Phenylketonuria (PKU) and Pregnancy

Description of Collaborative Activity:

Phenylketonuria (PKU) is a disorder of metabolism that can cause intellectual and developmental disabilities (IDD) if not treated. In PKU, the body cannot process the amino acid, phenylalanine (Phe), a component of the proteins found in foods. If the Phe level gets too high, the brain can become damaged. For nearly 50 years, newborn screening programs have successfully identified infants with PKU within days of birth, allowing treatment via dietary protein restriction to begin almost immediately, thereby preventing IDD. In October 2000, the NIH published a Consensus Development Conference Statement on the screening and management of PKU. Since then, new treatments and medications have emerged. To assist clinicians in making treatment decisions, NIH has revisited the 2000 guidelines. Five working groups composed of 8–12 topical experts, public members, and federal stakeholders were convened to explore the expanded body of literature and address important questions regarding treatment of PKU. The working groups were organized around the following topics: Diet Control and Management Pharmacologic Interventions PKU and Pregnancy Long-Term Outcomes and Management across the Lifespan Molecular Testing, New Technologies, and Epidemiologic Considerations These working groups presented their findings during this conference.

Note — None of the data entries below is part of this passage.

lemma qdft_circ_qdft_adj_entry:
  assumes "0 < s" "0 < t" "\<forall>\<rho>\<in>F. length \<rho> = length ns"
    and "i < prod_list ns * s" "j < prod_list ns * t"
  shows "mmul (prod_list ns * t)
           (mmul (prod_list ns * s) (kron (qdft ns) s s idm) (circ ns s t F p))
           (ctr (kron (qdft ns) t t idm)) i j
       = mirror_blocks s t (D1 ns F p) (D2 ns F p) (mneg ns) (lexlist ns) i j"
proof -
  define N u v \<alpha> \<delta> where "N = prod_list ns"
    and "u = i div s" and "v = j div t" and "\<alpha> = i mod s" and "\<delta> = j mod t"
  define Q \<chi> where "Q = cdft ns" and "\<chi> = fchar ns (lexlist ns ! u)"
  have uv: "u < N" "v < N" and \<alpha>\<delta>: "\<alpha> < s" "\<delta> < t"
    using assms by (simp_all add: N_def u_def v_def \<alpha>_def \<delta>_def less_mult_imp_div_less)
  have "mmul (N * t) (mmul (N * s) (kron (qdft ns) s s idm) (circ ns s t F p))
          (ctr (kron (qdft ns) t t idm)) i j
      = (\<Sum>y<N. (\<Sum>x<N. of_cpx (Q u x) * circ ns s t F p (x * s + \<alpha>) (y * t + \<delta>))
                * of_cpx (cnj (Q v y)))"
    unfolding mmul_def ctr_kron_idm sum_kron_idm_left[OF assms(1)] sum_kron_idm_right[OF assms(2)]
    by (simp add: u_def v_def \<alpha>_def \<delta>_def Q_def qdft_eq_of_cpx ctr_def qcnj_of_cpx)
  also have "\<dots> = (\<Sum>\<rho>\<in>F. \<Sum>y<N. \<Sum>x<N.
      of_cpx (Q u x * cshift ns \<rho> x y) * p \<rho> \<alpha> \<delta> * of_cpx (cnj (Q v y)))"
    by (simp add: circ_entry[OF \<alpha>\<delta>] sum_distrib_left sum_distrib_right of_cpx_mult mult.assoc
        sum.swap[of _ F])
  also have "\<dots> = (\<Sum>\<rho>\<in>F. of_cpx ((if u = v then \<chi> \<rho> else 0) * cpart (p \<rho> \<alpha> \<delta>))
      + of_cpx ((if lexlist ns ! v = mneg ns (lexlist ns ! u) then \<chi> \<rho> else 0)
                * jpart (p \<rho> \<alpha> \<delta>)) * qj)"
    using uv assms(3) unfolding N_def Q_def \<chi>_def
    by (intro sum.cong refl cdft_cshift_cdft_adj_sandwich) simp_all
  also have "\<dots> = mirror_blocks s t (D1 ns F p) (D2 ns F p) (mneg ns) (lexlist ns) i j"
    using uv nth_eq_iff_index_eq[OF distinct_lexlist, of v ns u]
    by (simp add: N_def u_def v_def \<alpha>_def \<delta>_def \<chi>_def mirror_blocks_def D1_eq_of_cpx
        D2_eq_of_cpx sum.distrib of_cpx_sum sum_distrib_right mult.commute)
  finally show ?thesis by (simp add: N_def)
qed

lemma blockdiag_mult_kron_flipm:
  assumes "0 < t" "i < prod_list ns * s" "j < prod_list ns * t"
  shows "mmul (prod_list ns * t) (blockdiag ns s t B) (kron (flipm ns) t t idm) i j
       = (if lexlist ns ! (j div t) = mneg ns (lexlist ns ! (i div s))
          then B (lexlist ns ! (i div s)) (i mod s) (j mod t) else 0)"
proof -
  have u: "i div s < prod_list ns" and v: "j div t < prod_list ns"
    using assms by (simp_all add: less_mult_imp_div_less)
  have "mmul (prod_list ns * t) (blockdiag ns s t B) (kron (flipm ns) t t idm) i j
      = (\<Sum>y<prod_list ns. if y = i div s
           then B (lexlist ns ! y) (i mod s) (j mod t) * flipm ns y (j div t) else 0)"
    unfolding mmul_def sum_kron_idm_right[OF assms(1)] using assms(1)
    by (intro sum.cong refl) (simp add: blockdiag_def)
  also have "\<dots> = B (lexlist ns ! (i div s)) (i mod s) (j mod t) * flipm ns (i div s) (j div t)"
    using u by simp
  finally show ?thesis
    by (simp add: flipm_eq_of_cpx cflip_eq_mneg[OF u v])
qed

lemma symbol_blocks_eq_mirror_blocks:
  assumes "0 < s" "0 < t" "i < prod_list ns * s" "j < prod_list ns * t"
  shows "madd (madd (blockdiag ns s t (Shat ns F p 0))
                 (mscal (blockdiag ns s t (Shat ns F p 1)) qi))
           (madd (mscal (mmul (prod_list ns * t) (blockdiag ns s t (Shat ns F p 2))
                               (kron (flipm ns) t t idm)) qj)
                 (mscal (mmul (prod_list ns * t) (blockdiag ns s t (Shat ns F p 3))
                               (kron (flipm ns) t t idm)) (qi * qj))) i j
       = mirror_blocks s t (D1 ns F p) (D2 ns F p) (mneg ns) (lexlist ns) i j"
proof -
  have uv: "i div s < prod_list ns" "j div t < prod_list ns"
    using assms by (simp_all add: less_mult_imp_div_less)
  have qj_distrib: "a * qj + b * (qi * qj) = (a + b * qi) * qj" for a b :: quat
    by (simp add: distrib_right mult.assoc)
  have "lexlist ns ! (j div t) = lexlist ns ! (i div s) \<longleftrightarrow> i div s = j div t"
    using uv nth_eq_iff_index_eq[OF distinct_lexlist, of "j div t" ns "i div s"] by auto
  then show ?thesis
    using uv
    unfolding madd_def mscal_def blockdiag_mult_kron_flipm[OF assms(2-4)] mirror_blocks_def
    by (simp add: blockdiag_def D1_def D2_def madd_def mscal_def qj_distrib)
qed

section \<open>The reflection k \<mapsto> -k and the permutation P\<close>

lemma mem_lexlist_Cons:
  "k \<in> set (lexlist (n # ns)) \<longleftrightarrow> (\<exists>a k'. k = a # k' \<and> a < n \<and> k' \<in> set (lexlist ns))"
  by auto

lemma length_mem_lexlist: "k \<in> set (lexlist ns) \<Longrightarrow> length k = length ns"
  by (induction ns arbitrary: k) auto

lemma mneg_Nil: "mneg [] k = []"
  by (simp add: mneg_def)

lemma mneg_in_lexlist: "k \<in> set (lexlist ns) \<Longrightarrow> mneg ns k \<in> set (lexlist ns)"
  by (induction ns arbitrary: k)
    (auto simp: mneg_Nil mneg_Cons nat_less_iff mem_lexlist_Cons simp del: lexlist.simps(2))

lemma neg_mod_neg_mod:
  assumes "a < n" shows "nat (- (- int a mod int n) mod int n) = a"
proof -
  have "- (- int a mod int n) mod int n = int a mod int n"
    by (simp add: mod_minus_eq)
  then show ?thesis using assms by simp
qed

lemma mneg_mneg: "k \<in> set (lexlist ns) \<Longrightarrow> mneg ns (mneg ns k) = k"
  by (induction ns arbitrary: k) (auto simp: mneg_Nil mneg_Cons neg_mod_neg_mod)

lemma isFix_iff_mneg_eq: "k \<in> set (lexlist ns) \<Longrightarrow> isFix ns k \<longleftrightarrow> mneg ns k = k"
proof (induction ns arbitrary: k)
  case Nil
  then show ?case by (simp add: mneg_def isFix_def)
next
  case (Cons n ns)
  then obtain a k' where k: "k = a # k'" "a < n" "k' \<in> set (lexlist ns)"
    by auto
  have "isFix (n # ns) (a # k') \<longleftrightarrow> (2 * a) mod n = 0 \<and> isFix ns k'"
    unfolding isFix_def by (auto simp: less_Suc_eq_0_disj)
  moreover have "(2 * a) mod n = 0 \<longleftrightarrow> int n dvd (int a + int a)"
    by (metis mult_2 of_nat_add int_dvd_int_iff dvd_eq_mod_eq_0)
  ultimately show ?case
    using Cons.IH[OF k(3)] int_dvd_add_iff_eq_neg_mod[OF k(2), of a] k(1)
    by (auto simp: mneg_Cons)
qed

lemma isFix_mneg: "k \<in> set (lexlist ns) \<Longrightarrow> isFix ns (mneg ns k) \<longleftrightarrow> isFix ns k"
  using isFix_iff_mneg_eq[of k ns] isFix_iff_mneg_eq[OF mneg_in_lexlist, of k ns] mneg_mneg[of k ns]
  by auto

lemma lex_less_asym: "lex_less a b \<Longrightarrow> \<not> lex_less b a"
  by (induction a b rule: lex_less.induct) auto

lemma lex_less_total: "length a = length b \<Longrightarrow> a \<noteq> b \<Longrightarrow> lex_less a b \<or> lex_less b a"
proof (induction a arbitrary: b)
  case (Cons x a)
  then obtain y b' where "b = y # b'" by (cases b) auto
  with Cons show ?case by (cases "x = y") auto
qed simp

In a parallel and collaborative effort, an Evidence-based Practice Center (EPC) of the Agency for Healthcare Research and Quality (AHRQ) has conducted an evidence-based review of the comparative effectiveness of treatment for PKU, including diet and sapropterin dihydrochloride. Together, the PKU Scientific Review Conference and the AHRQ EPC report will examine evidence on important issues related to management of PKU. Public input will be solicited and a final document will be published. This conference will consider the state of the science, recent research findings, current treatments, and future research needs related to PKU.